'''

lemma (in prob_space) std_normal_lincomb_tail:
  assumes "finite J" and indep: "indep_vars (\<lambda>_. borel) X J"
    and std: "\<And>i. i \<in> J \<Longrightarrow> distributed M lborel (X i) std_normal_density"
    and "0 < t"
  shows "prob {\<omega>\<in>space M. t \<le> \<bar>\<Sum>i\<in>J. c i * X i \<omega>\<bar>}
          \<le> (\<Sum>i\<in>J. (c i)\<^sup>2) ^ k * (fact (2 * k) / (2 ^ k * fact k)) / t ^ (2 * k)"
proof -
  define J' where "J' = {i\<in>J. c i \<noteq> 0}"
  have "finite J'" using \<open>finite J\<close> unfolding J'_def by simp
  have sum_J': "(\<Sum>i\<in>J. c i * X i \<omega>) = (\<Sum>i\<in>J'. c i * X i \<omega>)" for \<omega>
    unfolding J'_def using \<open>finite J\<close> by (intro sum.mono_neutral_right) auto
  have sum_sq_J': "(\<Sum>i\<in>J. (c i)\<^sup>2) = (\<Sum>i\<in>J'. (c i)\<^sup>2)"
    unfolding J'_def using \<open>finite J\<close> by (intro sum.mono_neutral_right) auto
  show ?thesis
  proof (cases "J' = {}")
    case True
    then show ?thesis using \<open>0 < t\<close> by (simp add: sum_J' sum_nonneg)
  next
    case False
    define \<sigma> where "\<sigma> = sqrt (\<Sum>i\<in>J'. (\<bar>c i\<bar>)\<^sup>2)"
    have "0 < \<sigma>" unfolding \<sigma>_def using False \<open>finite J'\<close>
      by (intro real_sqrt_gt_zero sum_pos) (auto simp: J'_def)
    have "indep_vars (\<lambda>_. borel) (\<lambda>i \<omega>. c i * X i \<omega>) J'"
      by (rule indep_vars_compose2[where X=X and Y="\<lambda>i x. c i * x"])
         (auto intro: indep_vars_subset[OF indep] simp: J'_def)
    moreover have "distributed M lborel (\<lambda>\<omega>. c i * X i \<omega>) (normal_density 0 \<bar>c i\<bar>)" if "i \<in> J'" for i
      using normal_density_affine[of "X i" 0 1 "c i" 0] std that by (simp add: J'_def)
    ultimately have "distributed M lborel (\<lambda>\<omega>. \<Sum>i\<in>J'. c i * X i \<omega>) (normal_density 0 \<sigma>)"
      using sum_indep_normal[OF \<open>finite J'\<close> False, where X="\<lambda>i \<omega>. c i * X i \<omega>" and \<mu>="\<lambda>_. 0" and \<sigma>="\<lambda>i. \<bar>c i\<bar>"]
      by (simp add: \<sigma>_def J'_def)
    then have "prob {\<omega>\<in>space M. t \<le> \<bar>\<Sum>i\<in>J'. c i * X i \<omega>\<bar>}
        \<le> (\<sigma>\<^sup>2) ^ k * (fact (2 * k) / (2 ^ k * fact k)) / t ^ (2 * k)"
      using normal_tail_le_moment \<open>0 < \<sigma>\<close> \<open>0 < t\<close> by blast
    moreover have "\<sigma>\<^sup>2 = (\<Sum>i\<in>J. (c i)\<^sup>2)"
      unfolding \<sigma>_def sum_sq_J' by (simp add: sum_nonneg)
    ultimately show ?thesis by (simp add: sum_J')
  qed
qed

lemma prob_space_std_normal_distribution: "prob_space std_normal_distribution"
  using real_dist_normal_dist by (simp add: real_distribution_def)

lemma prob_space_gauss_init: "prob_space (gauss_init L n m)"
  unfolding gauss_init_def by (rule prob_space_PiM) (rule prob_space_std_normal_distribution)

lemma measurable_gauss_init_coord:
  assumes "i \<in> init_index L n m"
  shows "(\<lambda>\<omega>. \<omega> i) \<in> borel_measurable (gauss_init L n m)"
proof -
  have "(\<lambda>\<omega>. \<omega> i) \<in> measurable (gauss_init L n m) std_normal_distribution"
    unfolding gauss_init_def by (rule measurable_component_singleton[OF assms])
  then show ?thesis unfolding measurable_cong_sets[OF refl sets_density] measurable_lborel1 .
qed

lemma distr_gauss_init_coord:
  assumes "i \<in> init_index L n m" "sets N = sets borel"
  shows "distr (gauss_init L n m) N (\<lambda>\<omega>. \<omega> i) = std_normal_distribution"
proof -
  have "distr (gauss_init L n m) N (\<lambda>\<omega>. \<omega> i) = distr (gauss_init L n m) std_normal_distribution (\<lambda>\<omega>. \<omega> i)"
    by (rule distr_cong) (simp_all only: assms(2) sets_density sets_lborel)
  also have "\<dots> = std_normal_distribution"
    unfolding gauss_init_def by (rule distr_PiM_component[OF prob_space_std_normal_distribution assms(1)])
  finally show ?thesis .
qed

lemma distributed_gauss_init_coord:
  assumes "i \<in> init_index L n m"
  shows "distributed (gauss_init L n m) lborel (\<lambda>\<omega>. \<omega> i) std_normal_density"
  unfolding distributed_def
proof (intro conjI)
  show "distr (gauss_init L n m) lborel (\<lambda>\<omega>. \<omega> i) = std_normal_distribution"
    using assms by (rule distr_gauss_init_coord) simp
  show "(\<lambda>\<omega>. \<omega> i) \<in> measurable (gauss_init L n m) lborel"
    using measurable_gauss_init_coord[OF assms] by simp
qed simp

'''
'''

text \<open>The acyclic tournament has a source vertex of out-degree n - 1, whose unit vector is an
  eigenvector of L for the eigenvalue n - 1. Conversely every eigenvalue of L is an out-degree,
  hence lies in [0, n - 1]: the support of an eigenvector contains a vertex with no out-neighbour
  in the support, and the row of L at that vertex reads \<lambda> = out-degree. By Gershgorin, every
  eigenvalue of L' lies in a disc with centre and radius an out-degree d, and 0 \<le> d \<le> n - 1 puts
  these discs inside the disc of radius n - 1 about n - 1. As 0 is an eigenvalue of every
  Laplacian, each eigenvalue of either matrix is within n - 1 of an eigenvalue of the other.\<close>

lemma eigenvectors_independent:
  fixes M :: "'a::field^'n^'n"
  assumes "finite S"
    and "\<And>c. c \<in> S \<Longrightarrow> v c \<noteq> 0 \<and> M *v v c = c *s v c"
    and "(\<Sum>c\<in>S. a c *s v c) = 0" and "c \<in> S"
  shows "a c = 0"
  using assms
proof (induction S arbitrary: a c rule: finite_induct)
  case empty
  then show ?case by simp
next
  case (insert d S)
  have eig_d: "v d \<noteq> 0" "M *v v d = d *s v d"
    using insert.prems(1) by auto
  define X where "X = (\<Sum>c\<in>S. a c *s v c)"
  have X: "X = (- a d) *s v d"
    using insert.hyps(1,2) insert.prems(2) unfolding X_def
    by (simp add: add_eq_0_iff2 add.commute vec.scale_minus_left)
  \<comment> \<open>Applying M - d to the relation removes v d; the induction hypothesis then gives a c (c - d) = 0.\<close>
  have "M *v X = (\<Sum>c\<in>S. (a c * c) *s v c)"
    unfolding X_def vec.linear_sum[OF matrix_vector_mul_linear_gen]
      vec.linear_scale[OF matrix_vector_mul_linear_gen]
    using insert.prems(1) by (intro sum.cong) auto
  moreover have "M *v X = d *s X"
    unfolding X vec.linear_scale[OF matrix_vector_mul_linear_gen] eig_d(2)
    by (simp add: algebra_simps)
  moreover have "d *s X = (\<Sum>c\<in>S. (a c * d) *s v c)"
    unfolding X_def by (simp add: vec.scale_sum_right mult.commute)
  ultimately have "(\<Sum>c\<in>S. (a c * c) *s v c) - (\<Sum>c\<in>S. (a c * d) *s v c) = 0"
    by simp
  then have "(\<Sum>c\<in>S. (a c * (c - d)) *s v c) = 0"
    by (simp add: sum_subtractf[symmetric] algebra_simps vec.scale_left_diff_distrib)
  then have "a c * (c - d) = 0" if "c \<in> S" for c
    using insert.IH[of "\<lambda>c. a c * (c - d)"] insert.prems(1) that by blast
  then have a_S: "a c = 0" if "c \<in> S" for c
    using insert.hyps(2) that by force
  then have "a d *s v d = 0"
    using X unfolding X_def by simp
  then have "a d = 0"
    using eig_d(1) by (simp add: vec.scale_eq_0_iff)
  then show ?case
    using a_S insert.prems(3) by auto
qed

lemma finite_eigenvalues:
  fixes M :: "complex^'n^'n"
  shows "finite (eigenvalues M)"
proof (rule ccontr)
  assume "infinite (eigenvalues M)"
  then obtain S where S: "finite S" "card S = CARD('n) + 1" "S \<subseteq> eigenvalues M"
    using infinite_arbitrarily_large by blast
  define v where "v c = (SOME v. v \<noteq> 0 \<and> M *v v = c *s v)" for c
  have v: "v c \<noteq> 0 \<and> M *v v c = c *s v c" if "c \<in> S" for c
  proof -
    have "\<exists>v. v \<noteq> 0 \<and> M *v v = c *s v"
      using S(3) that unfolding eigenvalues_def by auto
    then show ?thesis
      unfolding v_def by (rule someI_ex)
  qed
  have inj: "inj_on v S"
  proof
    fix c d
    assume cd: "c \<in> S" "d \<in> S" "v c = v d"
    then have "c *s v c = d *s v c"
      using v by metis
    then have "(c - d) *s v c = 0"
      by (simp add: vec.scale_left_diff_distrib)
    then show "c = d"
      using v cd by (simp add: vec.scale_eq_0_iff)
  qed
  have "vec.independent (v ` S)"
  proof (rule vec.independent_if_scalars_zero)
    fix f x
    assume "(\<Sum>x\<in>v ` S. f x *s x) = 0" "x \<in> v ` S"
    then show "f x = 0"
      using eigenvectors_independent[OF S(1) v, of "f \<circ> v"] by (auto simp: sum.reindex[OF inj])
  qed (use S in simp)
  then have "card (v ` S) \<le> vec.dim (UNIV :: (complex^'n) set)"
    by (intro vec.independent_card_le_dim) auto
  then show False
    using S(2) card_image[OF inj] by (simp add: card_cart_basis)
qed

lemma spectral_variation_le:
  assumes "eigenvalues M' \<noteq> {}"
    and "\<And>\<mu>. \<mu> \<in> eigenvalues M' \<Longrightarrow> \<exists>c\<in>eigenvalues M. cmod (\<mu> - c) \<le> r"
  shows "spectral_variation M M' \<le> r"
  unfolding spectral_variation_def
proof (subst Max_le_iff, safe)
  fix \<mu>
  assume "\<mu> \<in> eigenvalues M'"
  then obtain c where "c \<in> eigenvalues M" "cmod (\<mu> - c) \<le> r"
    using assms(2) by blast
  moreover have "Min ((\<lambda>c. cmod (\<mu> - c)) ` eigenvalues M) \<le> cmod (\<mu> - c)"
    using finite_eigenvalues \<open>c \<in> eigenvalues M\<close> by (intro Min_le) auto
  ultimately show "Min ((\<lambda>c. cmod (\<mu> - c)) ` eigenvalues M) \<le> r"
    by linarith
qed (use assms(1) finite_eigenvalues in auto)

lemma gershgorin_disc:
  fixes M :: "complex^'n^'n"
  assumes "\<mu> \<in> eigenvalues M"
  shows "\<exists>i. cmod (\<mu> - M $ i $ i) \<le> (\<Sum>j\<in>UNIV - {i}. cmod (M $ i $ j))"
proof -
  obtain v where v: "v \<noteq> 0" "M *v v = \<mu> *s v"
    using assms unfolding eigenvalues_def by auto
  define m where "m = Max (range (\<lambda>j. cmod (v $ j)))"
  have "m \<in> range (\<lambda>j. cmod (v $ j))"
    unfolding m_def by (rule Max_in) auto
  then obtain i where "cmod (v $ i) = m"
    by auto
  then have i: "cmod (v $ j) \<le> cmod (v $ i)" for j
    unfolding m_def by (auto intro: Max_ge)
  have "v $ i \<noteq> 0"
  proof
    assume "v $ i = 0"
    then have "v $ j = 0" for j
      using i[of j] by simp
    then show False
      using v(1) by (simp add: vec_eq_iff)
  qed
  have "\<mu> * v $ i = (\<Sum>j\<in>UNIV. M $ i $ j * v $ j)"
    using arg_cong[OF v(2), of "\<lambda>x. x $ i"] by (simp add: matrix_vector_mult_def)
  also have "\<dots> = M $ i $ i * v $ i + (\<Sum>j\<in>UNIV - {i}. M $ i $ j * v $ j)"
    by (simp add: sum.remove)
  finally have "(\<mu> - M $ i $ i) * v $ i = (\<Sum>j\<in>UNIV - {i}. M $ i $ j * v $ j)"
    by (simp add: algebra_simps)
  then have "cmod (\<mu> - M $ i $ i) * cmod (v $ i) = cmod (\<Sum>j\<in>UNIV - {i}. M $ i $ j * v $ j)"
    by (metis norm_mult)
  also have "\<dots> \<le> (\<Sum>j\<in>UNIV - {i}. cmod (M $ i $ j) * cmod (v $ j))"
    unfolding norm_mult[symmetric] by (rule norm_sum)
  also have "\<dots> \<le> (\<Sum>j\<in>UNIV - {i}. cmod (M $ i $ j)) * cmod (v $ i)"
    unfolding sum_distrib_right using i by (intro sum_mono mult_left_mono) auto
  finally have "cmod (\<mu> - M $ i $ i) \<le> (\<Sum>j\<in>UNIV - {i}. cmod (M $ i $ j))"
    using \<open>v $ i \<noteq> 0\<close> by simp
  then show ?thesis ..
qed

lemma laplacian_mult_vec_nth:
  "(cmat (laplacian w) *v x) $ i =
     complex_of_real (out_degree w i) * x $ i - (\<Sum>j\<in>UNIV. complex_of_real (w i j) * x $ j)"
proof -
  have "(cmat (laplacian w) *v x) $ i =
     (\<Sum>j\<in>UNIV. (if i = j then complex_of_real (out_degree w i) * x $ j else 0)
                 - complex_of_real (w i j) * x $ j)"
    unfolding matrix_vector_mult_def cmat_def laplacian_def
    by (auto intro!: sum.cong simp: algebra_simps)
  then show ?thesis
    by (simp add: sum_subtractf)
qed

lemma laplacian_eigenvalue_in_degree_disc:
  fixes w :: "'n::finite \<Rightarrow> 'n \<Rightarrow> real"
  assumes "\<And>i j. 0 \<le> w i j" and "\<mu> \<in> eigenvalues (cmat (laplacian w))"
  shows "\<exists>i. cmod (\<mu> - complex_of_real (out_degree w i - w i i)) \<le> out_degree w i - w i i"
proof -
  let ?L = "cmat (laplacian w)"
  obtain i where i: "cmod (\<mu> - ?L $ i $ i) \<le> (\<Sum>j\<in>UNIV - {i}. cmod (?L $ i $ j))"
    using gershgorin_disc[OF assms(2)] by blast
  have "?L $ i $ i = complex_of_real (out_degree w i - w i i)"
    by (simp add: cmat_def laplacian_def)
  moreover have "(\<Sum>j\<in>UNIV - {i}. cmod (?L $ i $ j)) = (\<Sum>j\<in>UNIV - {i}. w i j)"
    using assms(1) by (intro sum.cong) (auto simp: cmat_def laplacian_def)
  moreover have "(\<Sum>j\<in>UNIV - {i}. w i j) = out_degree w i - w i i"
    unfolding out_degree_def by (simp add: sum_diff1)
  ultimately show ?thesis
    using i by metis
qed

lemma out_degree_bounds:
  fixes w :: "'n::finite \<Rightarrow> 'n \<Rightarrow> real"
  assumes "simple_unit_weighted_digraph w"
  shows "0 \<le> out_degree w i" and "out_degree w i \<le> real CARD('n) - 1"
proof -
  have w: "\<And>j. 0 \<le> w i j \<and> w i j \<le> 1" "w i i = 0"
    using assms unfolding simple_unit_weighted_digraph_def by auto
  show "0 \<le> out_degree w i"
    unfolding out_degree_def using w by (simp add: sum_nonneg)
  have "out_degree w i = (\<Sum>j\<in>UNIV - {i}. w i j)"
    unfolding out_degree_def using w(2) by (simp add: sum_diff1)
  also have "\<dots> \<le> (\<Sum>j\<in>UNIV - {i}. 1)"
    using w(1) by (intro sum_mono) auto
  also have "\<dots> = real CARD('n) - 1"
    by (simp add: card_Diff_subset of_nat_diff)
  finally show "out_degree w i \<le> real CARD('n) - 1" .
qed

'''

▶ [Goal of the exercise]
Restate word for word the lines in the material above from the one with "t \<le> \<bar>\<Sum>i\<in>J." to the one with "i)\<^sup>2) = (\<Sum>i\<in>J'."; both of those lines count, and nothing else does.

▶ [Task solution]
  shows "prob {\<omega>\<in>space M. t \<le> \<bar>\<Sum>i\<in>J. c i * X i \<omega>\<bar>}
          \<le> (\<Sum>i\<in>J. (c i)\<^sup>2) ^ k * (fact (2 * k) / (2 ^ k * fact k)) / t ^ (2 * k)"
proof -
  define J' where "J' = {i\<in>J. c i \<noteq> 0}"
  have "finite J'" using \<open>finite J\<close> unfolding J'_def by simp
  have sum_J': "(\<Sum>i\<in>J. c i * X i \<omega>) = (\<Sum>i\<in>J'. c i * X i \<omega>)" for \<omega>
    unfolding J'_def using \<open>finite J\<close> by (intro sum.mono_neutral_right) auto
  have sum_sq_J': "(\<Sum>i\<in>J. (c i)\<^sup>2) = (\<Sum>i\<in>J'. (c i)\<^sup>2)"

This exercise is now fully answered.